*** INFORMATION

(* Let $\theta>-1$, $\beta>0$, and let $\mathscr{L}_i^{(\theta,\beta)}$, $i=0,1,2,\dots$, denote the generalized Laguerre polynomials $$\mathscr{L}_i^{(\theta,\beta)}(x)=\frac{1}{i!}x^{-\theta}e^{\beta x}\frac{d^i}{dx^i}\big(x^{i+\theta}e^{-\beta x}\big).$$ Let $n$ be a positive integer and $\varrho:(0,\infty)\to\mathbb{R}$ with $n-1<\varrho_{\min}<\varrho(x)<\varrho_{\max}<n$ for all $x>0$. For a sufficiently smooth function $u$ on $[0,\infty)$ define the variable-order Caputo derivative $${}_0^{C}\mathscr{D}_x^{\varrho(x)}u(x)=\frac{1}{\Gamma(n-\varrho(x))}\int_0^x (x-t)^{n-\varrho(x)-1}u^{(n)}(t)\,dt,$$ and for a function $\mu:(0,\infty)\to(0,\infty)$, $\alpha>-1$ and $k\ge0$ let $$\hat{\mathscr{L}}_k^{(\mu(x),\alpha,\beta)}(x)=\frac{1}{\Gamma(\mu(x))}\int_0^x (x-t)^{\mu(x)-1}\mathscr{L}_k^{(\alpha,\beta)}(t)\,dt .$$ Then for every $N\ge0$ and real coefficients $\ell_0,\dots,\ell_N$, the polynomial $u_N=\sum_{i=0}^N \ell_i\mathscr{L}_i^{(\theta,\beta)}$ satisfies, for all $x>0$, $${}_0^{C}\mathscr{D}_x^{\varrho(x)}u_N(x)=\sum_{i=0}^N \ell_i\,D_{i,n,\theta,\beta}^{(\varrho(x))}(x),$$ where $D_{i,n,\theta,\beta}^{(\varrho(x))}(x)=0$ for $0\le i\le n-1$ and $$D_{i,n,\theta,\beta}^{(\varrho(x))}(x)=(-\beta)^n\,\hat{\mathscr{L}}_{i-n}^{(n-\varrho(x),\theta+n,\beta)}(x)\quad\text{for } i\ge n.$$
   Context: Here the fractional order $\varrho(x)$ (resp. $\mu(x)$) is frozen at the outer variable $x$ inside the integral. The generalized Laguerre polynomials are orthogonal on $(0,\infty)$ with respect to the weight $x^\theta e^{-\beta x}$. *)

theory Defs
  imports "HOL-Analysis.Analysis"
begin

text \<open>Generalized Laguerre polynomial via the Rodrigues formula (meaningful for x > 0).\<close>
definition gen_laguerre :: "real \<Rightarrow> real \<Rightarrow> nat \<Rightarrow> real \<Rightarrow> real" where
  "gen_laguerre \<theta> \<beta> i x =
     (1 / fact i) * x powr (-\<theta>) * exp (\<beta> * x) *
     (deriv ^^ i) (\<lambda>y. y powr (real i + \<theta>) * exp (- \<beta> * y)) x"

definition caputo_var :: "(real \<Rightarrow> real) \<Rightarrow> nat \<Rightarrow> (real \<Rightarrow> real) \<Rightarrow> real \<Rightarrow> real" where
  "caputo_var \<rho> n u x =
     (1 / Gamma (real n - \<rho> x)) *
     integral {0..x} (\<lambda>t. (x - t) powr (real n - \<rho> x - 1) * (deriv ^^ n) u t)"

definition lag_hat :: "(real \<Rightarrow> real) \<Rightarrow> real \<Rightarrow> real \<Rightarrow> nat \<Rightarrow> real \<Rightarrow> real" where
  "lag_hat \<mu> \<alpha> \<beta> k x =
     (1 / Gamma (\<mu> x)) *
     integral {0..x} (\<lambda>t. (x - t) powr (\<mu> x - 1) * gen_laguerre \<alpha> \<beta> k t)"

definition D_coef :: "nat \<Rightarrow> nat \<Rightarrow> real \<Rightarrow> real \<Rightarrow> (real \<Rightarrow> real) \<Rightarrow> real \<Rightarrow> real" where
  "D_coef i n \<theta> \<beta> \<rho> x =
     (if i < n then 0
      else (- \<beta>) ^ n * lag_hat (\<lambda>y. real n - \<rho> y) (\<theta> + real n) \<beta> (i - n) x)"

end

theory Submission
  imports Defs "HOL-Computational_Algebra.Polynomial"
begin

text \<open>
  By the Rodrigues formula each generalized Laguerre polynomial agrees on \<open>(0,\<infinity>)\<close> with a
  polynomial, whose derivative is \<open>-\<beta>\<close> times the Laguerre polynomial of one degree less and
  parameter \<open>\<theta> + 1\<close>. Hence the \<open>n\<close>-th derivative of \<open>u\<^sub>N\<close> is
  \<open>(-\<beta>)\<^sup>n\<close> times the combination of the parameter-\<open>(\<theta> + n)\<close> polynomials of degree \<open>i - n\<close>,
  \<open>i \<ge> n\<close>, and since the kernel \<open>(x - t)\<^sup>n\<^sup>-\<^sup>\<rho>\<^sup>(\<^sup>x\<^sup>)\<^sup>-\<^sup>1\<close> is integrable the Caputo
  derivative splits linearly into the terms \<open>D\<^sub>i\<close>.
\<close>

lemma funpow_deriv_eq_on_open:
  fixes g :: "nat \<Rightarrow> 'a::real_normed_field \<Rightarrow> 'a"
  assumes "open S"
    and "\<And>k y. y \<in> S \<Longrightarrow> (g k has_field_derivative g (Suc k) y) (at y)"
    and "\<And>y. y \<in> S \<Longrightarrow> f y = g 0 y" and "y \<in> S"
  shows "(deriv ^^ k) f y = g k y"
  using assms(2-4)
proof (induction k arbitrary: f g y)
  case 0
  then show ?case by simp
next
  case (Suc k)
  have deriv_f: "deriv f z = g 1 z" if "z \<in> S" for z
  proof -
    have "(g 0 has_field_derivative g 1 z) (at z)"
      using Suc.prems(1)[OF that] by simp
    then have "(f has_field_derivative g 1 z) (at z)"
      by (rule has_field_derivative_transform_within_open[OF _ assms(1) that])
         (use Suc.prems(2) in auto)
    then show ?thesis by (rule DERIV_imp_deriv)
  qed
  have "(deriv ^^ Suc k) f y = (deriv ^^ k) (deriv f) y"
    by (simp only: funpow_Suc_right o_apply)
  also have "\<dots> = g (Suc k) y"
    using Suc.IH[where g = "\<lambda>j. g (Suc j)"] Suc.prems deriv_f by auto
  finally show ?case .
qed

lemma funpow_deriv_poly_on_open:
  assumes "open S" and "\<And>y. y \<in> S \<Longrightarrow> f y = poly p y" and "y \<in> S"
  shows "(deriv ^^ k) f y = poly ((pderiv ^^ k) p) y"
  by (rule funpow_deriv_eq_on_open[OF assms(1) _ _ assms(3)]) (simp_all add: poly_DERIV assms(2))

text \<open>
  \<open>rodrigues_poly \<beta> a m\<close> is the polynomial \<open>R\<^sub>m\<close> with
  \<open>(d/dy)\<^sup>m (y\<^sup>a e\<^sup>-\<^sup>\<beta>\<^sup>y) = y\<^sup>a\<^sup>-\<^sup>m e\<^sup>-\<^sup>\<beta>\<^sup>y R\<^sub>m(y)\<close> on \<open>y > 0\<close>.
\<close>
fun rodrigues_poly :: "real \<Rightarrow> real \<Rightarrow> nat \<Rightarrow> real poly" where
  "rodrigues_poly \<beta> a 0 = 1"
| "rodrigues_poly \<beta> a (Suc m) =
     smult (a - real m) (rodrigues_poly \<beta> a m)
     + [:0, 1:] * (pderiv (rodrigues_poly \<beta> a m) - smult \<beta> (rodrigues_poly \<beta> a m))"

lemma has_real_derivative_rodrigues:
  assumes "y > 0"
  shows "((\<lambda>y. y powr (a - real m) * exp (- \<beta> * y) * poly (rodrigues_poly \<beta> a m) y)
           has_real_derivative
           y powr (a - real (Suc m)) * exp (- \<beta> * y) * poly (rodrigues_poly \<beta> a (Suc m)) y) (at y)"
proof -
  have powr_eq: "y powr (a - real m) = y * y powr (a - real (Suc m))"
    using assms by (simp add: powr_add[symmetric] powr_mult_base)
  have powr_pred: "y powr (a - real m - 1) = y powr (a - real (Suc m))"
    by (simp add: algebra_simps)
  have "((\<lambda>y. y powr (a - real m)) has_real_derivative (a - real m) * y powr (a - real m - 1)) (at y)"
    by (rule has_real_derivative_powr[OF assms])
  moreover have "((\<lambda>y. exp (- \<beta> * y)) has_real_derivative exp (- \<beta> * y) * (- \<beta>)) (at y)"
    by (auto intro!: derivative_eq_intros)
  moreover have "(poly (rodrigues_poly \<beta> a m) has_real_derivative
                   poly (pderiv (rodrigues_poly \<beta> a m)) y) (at y)"
    by (rule poly_DERIV)
  ultimately show ?thesis
    by (rule DERIV_cong[OF DERIV_mult[OF DERIV_mult]])
       (simp add: powr_eq powr_pred algebra_simps)
qed

lemma funpow_deriv_rodrigues:
  assumes "y > 0"
  shows "(deriv ^^ m) (\<lambda>y. y powr a * exp (- \<beta> * y)) y
         = y powr (a - real m) * exp (- \<beta> * y) * poly (rodrigues_poly \<beta> a m) y"
  by (rule funpow_deriv_eq_on_open[where S = "{0<..}"])
     (use assms has_real_derivative_rodrigues in auto)

lemma pderiv_rodrigues_poly:
  "pderiv (rodrigues_poly \<beta> a (Suc m)) = smult (- \<beta> * real (Suc m)) (rodrigues_poly \<beta> a m)"
proof (induction m)
  case 0
  then show ?case by (simp add: pderiv_pCons)
next
  case (Suc m)
  show ?case
    apply (subst rodrigues_poly.simps(2))
    apply (simp only: pderiv_add pderiv_smult pderiv_mult pderiv_diff Suc)
    apply (rule poly_eqI)
    apply (simp add: pderiv_pCons coeff_pCons algebra_simps split: nat.split)
    done
qed

definition laguerre_poly :: "real \<Rightarrow> real \<Rightarrow> nat \<Rightarrow> real poly" where
  "laguerre_poly \<theta> \<beta> i = smult (1 / fact i) (rodrigues_poly \<beta> (real i + \<theta>) i)"

lemma gen_laguerre_eq_poly:
  assumes "y > 0"
  shows "gen_laguerre \<theta> \<beta> i y = poly (laguerre_poly \<theta> \<beta> i) y"
proof -
  have powr_cancel: "y powr (- \<theta>) * y powr \<theta> = 1"
    using assms by (simp add: powr_add[symmetric])
  have exp_cancel: "exp (\<beta> * y) * exp (- \<beta> * y) = 1"
    by (simp add: exp_add[symmetric])
  have "gen_laguerre \<theta> \<beta> i y
      = (1 / fact i) * (y powr (- \<theta>) * y powr \<theta>) * (exp (\<beta> * y) * exp (- \<beta> * y))
        * poly (rodrigues_poly \<beta> (real i + \<theta>) i) y"
    unfolding gen_laguerre_def funpow_deriv_rodrigues[OF assms] by (simp add: algebra_simps)
  then show ?thesis
    unfolding powr_cancel exp_cancel laguerre_poly_def by simp
qed

lemma pderiv_laguerre_poly:
  "pderiv (laguerre_poly \<theta> \<beta> (Suc i)) = smult (- \<beta>) (laguerre_poly (\<theta> + 1) \<beta> i)"
proof -
  have param: "real (Suc i) + \<theta> = real i + (\<theta> + 1)"
    by simp
  have coeff: "1 / fact (Suc i) * (- \<beta> * real (Suc i)) = - \<beta> * (1 / fact i :: real)"
    by (simp add: field_simps del: of_nat_Suc)
  show ?thesis
    unfolding laguerre_poly_def pderiv_smult param pderiv_rodrigues_poly smult_smult coeff ..
qed

lemma funpow_pderiv_laguerre_poly:
  "(pderiv ^^ n) (laguerre_poly \<theta> \<beta> i)
   = (if i < n then 0 else smult ((- \<beta>) ^ n) (laguerre_poly (\<theta> + real n) \<beta> (i - n)))"
proof (induction n arbitrary: \<theta> i)
  case 0
  then show ?case by simp
next
  case (Suc n)
  show ?case
  proof (cases i)
    case 0
    have "pderiv (laguerre_poly \<theta> \<beta> 0) = 0"
      by (simp add: laguerre_poly_def)
    then show ?thesis
      using 0 by (simp only: funpow_Suc_right o_apply) simp
  next
    case (Suc j)
    have param: "\<theta> + 1 + real n = \<theta> + real (Suc n)"
      by simp
    show ?thesis
      using Suc
      by (simp only: funpow_Suc_right o_apply pderiv_laguerre_poly higher_pderiv_smult Suc.IH param)
         simp
  qed
qed

lemma integrable_on_powr_diff:
  assumes "c > -1" and "x > (0::real)"
  shows "(\<lambda>t. (x - t) powr c) integrable_on {0..x}"
proof -
  have "(\<lambda>s. s powr c) integrable_on cbox 0 x"
    using integrable_on_powr_from_0[of c x] assms by simp
  then have "(\<lambda>t. (\<lambda>s. s powr c) ((-1) *\<^sub>R t + x)) integrable_on
             ((\<lambda>t. (1 / (-1)) *\<^sub>R t - ((1 / (-1)) *\<^sub>R x)) ` cbox 0 x)"
    by (rule integrable_on_affinity[rotated]) simp
  moreover have "(\<lambda>t. (1 / (-1)) *\<^sub>R t - ((1 / (-1)) *\<^sub>R x)) ` cbox 0 x = {0..x}"
    by (auto intro!: image_eqI[where x = "x - t" for t])
  ultimately show ?thesis
    by simp
qed

lemma integrable_on_powr_diff_mult:
  assumes "c > -1" and "x > (0::real)" and "continuous_on {0..x} f"
  shows "(\<lambda>t. (x - t) powr c * f t) integrable_on {0..x}"
proof -
  have "(\<lambda>t. (x - t) powr c) absolutely_integrable_on {0..x}"
    by (rule nonnegative_absolutely_integrable_1[OF integrable_on_powr_diff[OF assms(1,2)]]) simp
  moreover have "f \<in> borel_measurable (lebesgue_on {0..x})"
    using assms(3) by (rule continuous_imp_measurable_on_sets_lebesgue) simp
  moreover have "bounded (f ` {0..x})"
    using assms(3) by (intro compact_imp_bounded compact_continuous_image) simp_all
  ultimately have "(\<lambda>t. f t * (x - t) powr c) absolutely_integrable_on {0..x}"
    by (intro absolutely_integrable_bounded_measurable_product_real) simp_all
  then show ?thesis
    using set_lebesgue_integral_eq_integral(1) by (simp add: mult.commute)
qed

text \<open>
  The integrand of \<^const>\<open>caputo_var\<close> evaluates \<open>(deriv ^^ n) u\<close> at \<open>t = 0\<close>, where \<open>u\<close> need not
  agree with the polynomial; the single point is negligible.
\<close>
lemma caputo_var_poly:
  assumes "\<And>y. y > 0 \<Longrightarrow> u y = poly p y"
  shows "caputo_var \<rho> n u x
         = (1 / Gamma (real n - \<rho> x)) *
           integral {0..x} (\<lambda>t. (x - t) powr (real n - \<rho> x - 1) * poly ((pderiv ^^ n) p) t)"
proof -
  have "(deriv ^^ n) u t = poly ((pderiv ^^ n) p) t" if "t > 0" for t
    by (rule funpow_deriv_poly_on_open[where S = "{0<..}"]) (use that assms in auto)
  then show ?thesis
    unfolding caputo_var_def by (intro arg_cong[where f = "(*) _"] integral_spike[of "{0}"]) auto
qed

lemma D_coef_eq_integral:
  "D_coef i n \<theta> \<beta> \<rho> x
   = (1 / Gamma (real n - \<rho> x)) *
     integral {0..x}
       (\<lambda>t. (x - t) powr (real n - \<rho> x - 1) * poly ((pderiv ^^ n) (laguerre_poly \<theta> \<beta> i)) t)"
proof (cases "i < n")
  case True
  then show ?thesis
    by (simp add: D_coef_def funpow_pderiv_laguerre_poly)
next
  case False
  have "integral {0..x} (\<lambda>t. (x - t) powr (real n - \<rho> x - 1) *
          poly ((pderiv ^^ n) (laguerre_poly \<theta> \<beta> i)) t)
      = (- \<beta>) ^ n * integral {0..x} (\<lambda>t. (x - t) powr (real n - \<rho> x - 1) *
          gen_laguerre (\<theta> + real n) \<beta> (i - n) t)"
    unfolding integral_mult_right[symmetric]
    by (intro integral_spike[of "{0}"])
       (auto simp: False funpow_pderiv_laguerre_poly gen_laguerre_eq_poly)
  then show ?thesis
    by (simp add: D_coef_def lag_hat_def False)
qed

theorem mainTheorem2:
  fixes \<theta> \<beta> \<rho>min \<rho>max :: real and n N :: nat and \<rho> :: "real \<Rightarrow> real"
    and l :: "nat \<Rightarrow> real" and x :: real
  assumes "\<theta> > -1" and "\<beta> > 0" and "n > 0"
    and "real n - 1 < \<rho>min" and "\<rho>max < real n"
    and "\<And>y. y > 0 \<Longrightarrow> \<rho>min < \<rho> y \<and> \<rho> y < \<rho>max"
    and "x > 0"
  shows "caputo_var \<rho> n (\<lambda>y. \<Sum>i\<le>N. l i * gen_laguerre \<theta> \<beta> i y) x
         = (\<Sum>i\<le>N. l i * D_coef i n \<theta> \<beta> \<rho> x)"
proof -
  define c where "c = real n - \<rho> x - 1"
  define P where "P i = (pderiv ^^ n) (laguerre_poly \<theta> \<beta> i)" for i
  have "c > -1"
    using assms(5-7) unfolding c_def by force
  then have integrable: "(\<lambda>t. (x - t) powr c * poly (P i) t) integrable_on {0..x}" for i
    by (intro integrable_on_powr_diff_mult assms(7) continuous_intros)
  have "caputo_var \<rho> n (\<lambda>y. \<Sum>i\<le>N. l i * gen_laguerre \<theta> \<beta> i y) x
      = (1 / Gamma (real n - \<rho> x)) * integral {0..x}
          (\<lambda>t. (x - t) powr c * poly ((pderiv ^^ n) (\<Sum>i\<le>N. smult (l i) (laguerre_poly \<theta> \<beta> i))) t)"
    unfolding c_def
    by (rule caputo_var_poly) (simp add: poly_sum gen_laguerre_eq_poly)
  also have "\<dots> = (1 / Gamma (real n - \<rho> x)) *
                 integral {0..x} (\<lambda>t. \<Sum>i\<le>N. l i * ((x - t) powr c * poly (P i) t))"
    by (simp add: P_def higher_pderiv_sum higher_pderiv_smult poly_sum sum_distrib_left algebra_simps)
  also have "\<dots> = (1 / Gamma (real n - \<rho> x)) *
                 (\<Sum>i\<le>N. l i * integral {0..x} (\<lambda>t. (x - t) powr c * poly (P i) t))"
    by (simp add: integral_sum integrable integrable_on_mult_right)
  also have "\<dots> = (\<Sum>i\<le>N. l i * D_coef i n \<theta> \<beta> \<rho> x)"
    by (simp add: D_coef_eq_integral P_def c_def sum_distrib_left mult.left_commute)
  finally show ?thesis .
qed

end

******

WORK TO COMPLETE: All lines from the listing above that include "symmetric" should be shown.

SOLUTION TO THIS EXERCISE:
    using assms by (simp add: powr_add[symmetric] powr_mult_base)
    using assms by (simp add: powr_add[symmetric])
    by (simp add: exp_add[symmetric])
    unfolding integral_mult_right[symmetric]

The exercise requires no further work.